NICOLA Sturgeon refused to say if the Scottish Government broke the law by discharging untested patients from hospitals to care homes at the start of the Covid pandemic.

On Wednesday, the High Court in London ruled that ministers in the UK government had acted illegally by transferring elderly people into residential care in England without taking into account the danger from the asymptomatic transmission of the virus.

That was despite senior figures, including the UK Government’s chief scientific adviser for England, Sir Patrick Vallance, saying very early on, that it was quite likely Covid could be caught from someone without symptoms.

During First Minister’s Questions, Labour leader Anas Sarwar said the Scottish Government’s policy was “almost identical” to that south of the border. 

He asked Ms Sturgeon if she accepted decisions made by the Scottish Government were “unlawful, unreasonable, irrational and cost lives”.

The First Minister replied: “No, I don’t accept that, although these are matters now, rightly and properly, that will be scrutinised by the public inquiry that is under way in Scotland and, of course, the parallel public inquiry that will take place into these matters UK-wide.”

She told Mr Sarwar that the guidance issued in Scotland was “broadly similar” to that in place in England, but was not “identical”.

The Scottish Labour called that an “extraordinary and unthinkable answer”.

He said that as early as February 4, the Scottish Government’s advisers were suggesting that asymptomatic transmission was a possibility. Yet, even by March 26 the guidance still said people being discharged from the hospital did not routinely need confirmation of a negative Covid test.

The Scottish Government changed their guidelines on testing on April 21, after nearly 3,000 untested people and 75 known positive cases had already been transferred into Scotland’s care homes.

Mr Sarwar asked the First Minister if she accepted, "in the words of the families affected and impacted, that this was a shameful, unforgiveable, criminal act that cost lives in Scotland?”

Ms Sturgeon reiterated that the guidance on care homes in Scotland was only “broadly similar” to England.

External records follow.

lemma SUP_maps_INF_eq_INF_SUP:
  fixes f :: "'u \<Rightarrow> 'v \<Rightarrow> real"
  assumes U: "U \<noteq> {}" and V: "V \<noteq> {}"
    and bound: "\<And>u v. u \<in> U \<Longrightarrow> v \<in> V \<Longrightarrow> \<bar>f u v\<bar> \<le> B"
  shows "(SUP \<alpha>\<in>{\<alpha>. \<alpha> ` V \<subseteq> U}. INF v\<in>V. f (\<alpha> v) v) = (INF v\<in>V. SUP u\<in>U. f u v)"
proof (rule antisym)
  have bdd_column: "bdd_above ((\<lambda>u. f u v) ` U)" if "v \<in> V" for v
    using bound that by (intro bdd_image_if_abs_le) auto
  have bdd_SUP: "bdd_below ((\<lambda>v. SUP u\<in>U. f u v) ` V)"
    using U bound by (intro bdd_image_if_abs_le abs_cSUP_le) auto
  have bdd_INF: "bdd_above ((\<lambda>\<alpha>. INF v\<in>V. f (\<alpha> v) v) ` {\<alpha>. \<alpha> ` V \<subseteq> U})"
    using V bound by (intro bdd_image_if_abs_le abs_cINF_le) auto
  show "(SUP \<alpha>\<in>{\<alpha>. \<alpha> ` V \<subseteq> U}. INF v\<in>V. f (\<alpha> v) v) \<le> (INF v\<in>V. SUP u\<in>U. f u v)"
  proof (rule cSUP_least[OF maps_into_nonempty[OF U]])
    fix \<alpha> assume \<alpha>: "\<alpha> \<in> {\<alpha>. \<alpha> ` V \<subseteq> U}"
    have "f (\<alpha> v) v \<le> (SUP u\<in>U. f u v)" if "v \<in> V" for v
      using \<alpha> that by (auto intro!: cSUP_upper bdd_column)
    moreover have "bdd_below ((\<lambda>v. f (\<alpha> v) v) ` V)"
      using \<alpha> bound by (intro bdd_image_if_abs_le) auto
    ultimately show "(INF v\<in>V. f (\<alpha> v) v) \<le> (INF v\<in>V. SUP u\<in>U. f u v)"
      by (intro cINF_mono[OF V]) auto
  qed
  show "(INF v\<in>V. SUP u\<in>U. f u v) \<le> (SUP \<alpha>\<in>{\<alpha>. \<alpha> ` V \<subseteq> U}. INF v\<in>V. f (\<alpha> v) v)"
  proof (rule dense_le)
    fix c assume c: "c < (INF v\<in>V. SUP u\<in>U. f u v)"
    have "\<exists>u\<in>U. c < f u v" if v: "v \<in> V" for v
    proof -
      have "c < (SUP u\<in>U. f u v)"
        using c cINF_lower[OF bdd_SUP v] by linarith
      then show ?thesis
        using less_cSUP_iff[OF U bdd_column[OF v]] by blast
    qed
    then obtain \<alpha> where \<alpha>: "\<And>v. v \<in> V \<Longrightarrow> \<alpha> v \<in> U \<and> c < f (\<alpha> v) v"
      by metis
    have "c \<le> (INF v\<in>V. f (\<alpha> v) v)"
      using \<alpha> by (intro cINF_greatest[OF V]) (simp add: less_imp_le)
    also have "\<dots> \<le> (SUP \<alpha>\<in>{\<alpha>. \<alpha> ` V \<subseteq> U}. INF v\<in>V. f (\<alpha> v) v)"
      using \<alpha> by (intro cSUP_upper[OF _ bdd_INF]) auto
    finally show "c \<le> (SUP \<alpha>\<in>{\<alpha>. \<alpha> ` V \<subseteq> U}. INF v\<in>V. f (\<alpha> v) v)" .
  qed
qed

lemma INF_maps_SUP_eq_SUP_INF:
  fixes f :: "'u \<Rightarrow> 'v \<Rightarrow> real"
  assumes U: "U \<noteq> {}" and V: "V \<noteq> {}"
    and bound: "\<And>u v. u \<in> U \<Longrightarrow> v \<in> V \<Longrightarrow> \<bar>f u v\<bar> \<le> B"
  shows "(INF \<beta>\<in>{\<beta>. \<beta> ` U \<subseteq> V}. SUP u\<in>U. f u (\<beta> u)) = (SUP u\<in>U. INF v\<in>V. f u v)"
proof (rule antisym)
  have bdd_row: "bdd_below ((\<lambda>v. f u v) ` V)" if "u \<in> U" for u
    using bound that by (intro bdd_image_if_abs_le) auto
  have bdd_INF: "bdd_above ((\<lambda>u. INF v\<in>V. f u v) ` U)"
    using V bound by (intro bdd_image_if_abs_le abs_cINF_le) auto
  have bdd_SUP: "bdd_below ((\<lambda>\<beta>. SUP u\<in>U. f u (\<beta> u)) ` {\<beta>. \<beta> ` U \<subseteq> V})"
    using U bound by (intro bdd_image_if_abs_le abs_cSUP_le) auto
  show "(SUP u\<in>U. INF v\<in>V. f u v) \<le> (INF \<beta>\<in>{\<beta>. \<beta> ` U \<subseteq> V}. SUP u\<in>U. f u (\<beta> u))"
  proof (rule cINF_greatest[OF maps_into_nonempty[OF V]])
    fix \<beta> assume \<beta>: "\<beta> \<in> {\<beta>. \<beta> ` U \<subseteq> V}"
    have "(INF v\<in>V. f u v) \<le> f u (\<beta> u)" if "u \<in> U" for u
      using \<beta> that by (auto intro!: cINF_lower bdd_row)
    moreover have "bdd_above ((\<lambda>u. f u (\<beta> u)) ` U)"
      using \<beta> bound by (intro bdd_image_if_abs_le) auto
    ultimately show "(SUP u\<in>U. INF v\<in>V. f u v) \<le> (SUP u\<in>U. f u (\<beta> u))"
      by (intro cSUP_mono[OF U]) auto
  qed
  show "(INF \<beta>\<in>{\<beta>. \<beta> ` U \<subseteq> V}. SUP u\<in>U. f u (\<beta> u)) \<le> (SUP u\<in>U. INF v\<in>V. f u v)"
  proof (rule dense_ge)
    fix c assume c: "(SUP u\<in>U. INF v\<in>V. f u v) < c"
    have "\<exists>v\<in>V. f u v < c" if u: "u \<in> U" for u
    proof -
      have "(INF v\<in>V. f u v) < c"
        using c cSUP_upper[OF u bdd_INF] by linarith
      then show ?thesis
        using cINF_less_iff[OF V bdd_row[OF u]] by blast
    qed
    then obtain \<beta> where \<beta>: "\<And>u. u \<in> U \<Longrightarrow> \<beta> u \<in> V \<and> f u (\<beta> u) < c"
      by metis
    have "(INF \<beta>\<in>{\<beta>. \<beta> ` U \<subseteq> V}. SUP u\<in>U. f u (\<beta> u)) \<le> (SUP u\<in>U. f u (\<beta> u))"
      using \<beta> by (intro cINF_lower[OF bdd_SUP]) auto
    also have "\<dots> \<le> c"
      using \<beta> by (intro cSUP_least[OF U]) (simp add: less_imp_le)
    finally show "(INF \<beta>\<in>{\<beta>. \<beta> ` U \<subseteq> V}. SUP u\<in>U. f u (\<beta> u)) \<le> c" .
  qed
qed

lemma p_value_eq_SUP_INF:
  fixes f :: "'u \<Rightarrow> 'v \<Rightarrow> real"
  assumes U: "U \<noteq> {}" and V: "V \<noteq> {}"
    and bound: "\<And>u v. u \<in> U \<Longrightarrow> v \<in> V \<Longrightarrow> \<bar>f u v\<bar> \<le> B"
    and "0 \<le> p" and "p \<le> 1"
  shows "p_value p U V f =
    (SUP ua\<in>U \<times> {\<alpha>. \<alpha> ` V \<subseteq> U}. INF vb\<in>V \<times> {\<beta>. \<beta> ` U \<subseteq> V}.
      p * f (fst ua) (snd vb (fst ua)) + (1 - p) * f (snd ua (fst vb)) (fst vb))"
proof -
  let ?A = "{\<alpha>. \<alpha> ` V \<subseteq> U}" and ?B = "{\<beta>. \<beta> ` U \<subseteq> V}"
  have inner: "(INF vb\<in>V \<times> ?B. p * f u (snd vb u) + (1 - p) * f (\<alpha> (fst vb)) (fst vb))
      = p * (INF v\<in>V. f u v) + (1 - p) * (INF v\<in>V. f (\<alpha> v) v)"
    if u: "u \<in> U" and \<alpha>: "\<alpha> ` V \<subseteq> U" for u \<alpha>
  proof -
    have "bdd_below ((\<lambda>v. f (\<alpha> v) v) ` V)" 
      using u \<alpha> bound by (intro bdd_image_if_abs_le(2)[where B = B]) auto
    moreover have "bdd_below ((\<lambda>\<beta>. f u (\<beta> u)) ` ?B)"
      using u bound by (intro bdd_image_if_abs_le(2)[where B = B]) auto
    ultimately have "(INF vb\<in>V \<times> ?B. (1 - p) * f (\<alpha> (fst vb)) (fst vb) + p * f u (snd vb u))
        = (1 - p) * (INF v\<in>V. f (\<alpha> v) v) + p * (INF \<beta>\<in>?B. f u (\<beta> u))"
      using assms(4,5) by (intro cINF_Times_weighted[OF V maps_into_nonempty[OF V]]) auto
    moreover have "(INF \<beta>\<in>?B. f u (\<beta> u)) = (INF v\<in>V. f u v)"
      by (subst image_eval_maps_into[OF u, symmetric]) (simp add: image_image)
    ultimately show ?thesis
      by (simp add: add.commute)
  qed
  have "(SUP ua\<in>U \<times> ?A. INF vb\<in>V \<times> ?B.
      p * f (fst ua) (snd vb (fst ua)) + (1 - p) * f (snd ua (fst vb)) (fst vb))
    = (SUP ua\<in>U \<times> ?A. p * (INF v\<in>V. f (fst ua) v) + (1 - p) * (INF v\<in>V. f (snd ua v) v))"
    using inner by (intro SUP_cong) auto
  also have "\<dots> = p * (SUP u\<in>U. INF v\<in>V. f u v) + (1 - p) * (SUP \<alpha>\<in>?A. INF v\<in>V. f (\<alpha> v) v)"
  proof (rule cSUP_Times_weighted[OF U maps_into_nonempty[OF U]])
    show "bdd_above ((\<lambda>u. INF v\<in>V. f u v) ` U)"
      using V bound by (intro bdd_image_if_abs_le(1)[where B = B] abs_cINF_le) auto
    show "bdd_above ((\<lambda>\<alpha>. INF v\<in>V. f (\<alpha> v) v) ` ?A)"
      using V bound by (intro bdd_image_if_abs_le(1)[where B = B] abs_cINF_le) auto
  qed (use assms(4,5) in auto)
  also have "\<dots> = p_value p U V f"
    using SUP_maps_INF_eq_INF_SUP[where f = f, OF U V bound]
    unfolding p_value_def lower_value_def upper_value_def by simp
  finally show ?thesis by simp
qed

She pointed to analysis of discharges carried out by Public Health Scotland, which said there "was no clear statistical evidence that hospital discharges were associated with care home outbreaks."

"Instead, it was care home size that was more strongly related to outbreaks. That is the analysis that has been done so far, but it is right that we have full analysis and scrutiny by the independent public inquiry, whose work is now getting under way," she said.

The First Minister told MSPs that the consequences of the pandemic were “embedded in my soul”, adding: “That does not mean my decisions and my actions and those of my Government should in any way not be subject to scrutiny.”

Earlier, Deputy First Minister, John Swinney, told Holyrood’s Covid-19 Recovery Committee that the Scottish Government will “consider carefully” the High Court ruling.

Mr Swinney said that Lady Poole’s Scottish Covid inquiry would examine the topic, and expressed “deep regret and sympathy” to everyone who had lost a loved one in a care home.

He said the judgment reflected circumstances in England and was “not directly comparable to the situation in Scotland”, but added: “We will, of course, consider carefully the issues that are raised by the judgment and beyond what I’ve said already, that will be the subject of further consideration.”

The remit of Lady Poole’s independent Scottish inquiry examining the strategic response to the pandemic in Scotland has an “explicit provision” to examine care homes, he said.

In a statement on behalf of the Bereaved Scottish families, Mr Anwar said they partly were considering legal action over fears Lady Poole, might not fully investigate care home deaths. 

He said the families had “felt rushed and felt a lack of empathy” when they met the judge in January.

“In over three months the families feel that very little has happened in Scotland and this is deeply disappointing, whilst it appears that the UK inquiry is moving apace.

“This is not what the relatives campaigned for, nor was it what they were promised by the Scottish Government and Deputy First Minister John Swinney.

“There now appears to be an attempt to avoid scrutiny of this issue and thus avoid responsibility, following today’s High Court decision, that cannot be allowed to happen in Scotland. We will be considering in Scotland what further legal action can be taken against those responsible for the preventable deaths that took place in care homes.”

A spokesperson for Lady Poole’s inquiry said the main focus since her appointment last December had been “to get the right people and systems in place to support its work”.